[Stored data]
text \<open>When \<open>\<langle>\<zeta>\<^sub>1,\<zeta>\<^sub>2\<rangle> = 0\<close>, i.e. \<open>\<zeta>\<^sub>1 = \<zeta>\<^sub>2\<close>, the Busemann sum grows like \<open>2t\<close> and the
fallback value \<open>0\<close> in the definition of \<open>gromov\<close> agrees with the formula.\<close>

lemma gromov_sq_eq:
  assumes "o' \<in> hyp" "\<zeta>1 \<in> bdry" "\<zeta>2 \<in> bdry"
  shows "(gromov o' \<zeta>1 \<zeta>2)\<^sup>2 = mink \<zeta>1 \<zeta>2 / (2 * mink o' \<zeta>1 * mink o' \<zeta>2)"
proof -
  define x where "x = some_ray \<zeta>1 0"
  define f where "f t = busemann \<zeta>1 o' (some_ray \<zeta>1 t) + busemann \<zeta>2 o' (some_ray \<zeta>1 t)" for t
  define C where "C = ln (mink o' \<zeta>1 * mink o' \<zeta>2)"
  define a where "a = mink x \<zeta>1 * mink x \<zeta>2"
  define c where "c = mink \<zeta>1 \<zeta>2"
  have a: "a > 0" unfolding a_def x_def using some_ray(1)[OF assms(2)]
    by (intro mult_pos_pos mink_hyp_bdry_pos assms(2,3)) (simp_all add: georay_def)
  have c: "c \<ge> 0" unfolding c_def by (rule mink_bdry_nonneg[OF assms(2,3)])
  have oo: "mink o' \<zeta>1 * mink o' \<zeta>2 > 0"
    using mink_hyp_bdry_pos[OF assms(1,2)] mink_hyp_bdry_pos[OF assms(1,3)] by simp
  have f_ev: "eventually (\<lambda>t. f t = C + t - ln (a * exp (-t) + c * sinh t)) at_top"
    using eventually_ge_at_top[of 0]
  proof eventually_elim
    case (elim t)
    show ?case unfolding f_def C_def a_def c_def x_def by (rule busemann_sum_along_ray[OF assms elim])
  qed
  have gromov: "gromov o' \<zeta>1 \<zeta>2 = (if \<exists>L. (f \<longlongrightarrow> L) at_top then exp (- Lim at_top f / 2) else 0)"
    by (simp only: gromov_def f_def[abs_def] Let_def)
  show ?thesis
  proof (cases "c = 0")
    case True
    have "eventually (\<lambda>t. C - ln a + 2 * t = f t) at_top"
      using f_ev by eventually_elim (use a True in \<open>simp add: ln_mult\<close>)
    hence "\<not> (\<exists>L. (f \<longlongrightarrow> L) at_top)" by (rule not_tendsto_eventually_linear) simp
    thus ?thesis using True by (simp add: gromov c_def)
  next
    case False
    define L where "L = C - ln (c / 2)"
    have "((\<lambda>t. C - (ln (a * exp (-t) + c * sinh t) - t)) \<longlongrightarrow> L) at_top"
      unfolding L_def using False c by (intro tendsto_intros tendsto_ln_minus_ident) simp
    hence "(f \<longlongrightarrow> L) at_top"
      by (rule Lim_transform_eventually) (use f_ev in \<open>eventually_elim, simp\<close>)
    hence "gromov o' \<zeta>1 \<zeta>2 = exp (- L / 2)" using gromov tendsto_Lim[of at_top f L] by auto
    hence "(gromov o' \<zeta>1 \<zeta>2)\<^sup>2 = exp (- L)" by (simp add: power2_eq_square flip: exp_add)
    also have "\<dots> = c / 2 / (mink o' \<zeta>1 * mink o' \<zeta>2)"
      using False c oo by (simp add: L_def C_def exp_diff)
    finally show ?thesis by (simp add: c_def mult.assoc)
  qed
qed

WHAT NEEDS TO BE DONE =
Scan the records above for the lines holding "case (elim t)" and "(\<lambda>t. C - ln". Transcribe those two and every line between them word for word, and no others.

WRITTEN RESPONSE =
    case (elim t)
    show ?case unfolding f_def C_def a_def c_def x_def by (rule busemann_sum_along_ray[OF assms elim])
  qed
  have gromov: "gromov o' \<zeta>1 \<zeta>2 = (if \<exists>L. (f \<longlongrightarrow> L) at_top then exp (- Lim at_top f / 2) else 0)"
    by (simp only: gromov_def f_def[abs_def] Let_def)
  show ?thesis
  proof (cases "c = 0")
    case True
    have "eventually (\<lambda>t. C - ln a + 2 * t = f t) at_top"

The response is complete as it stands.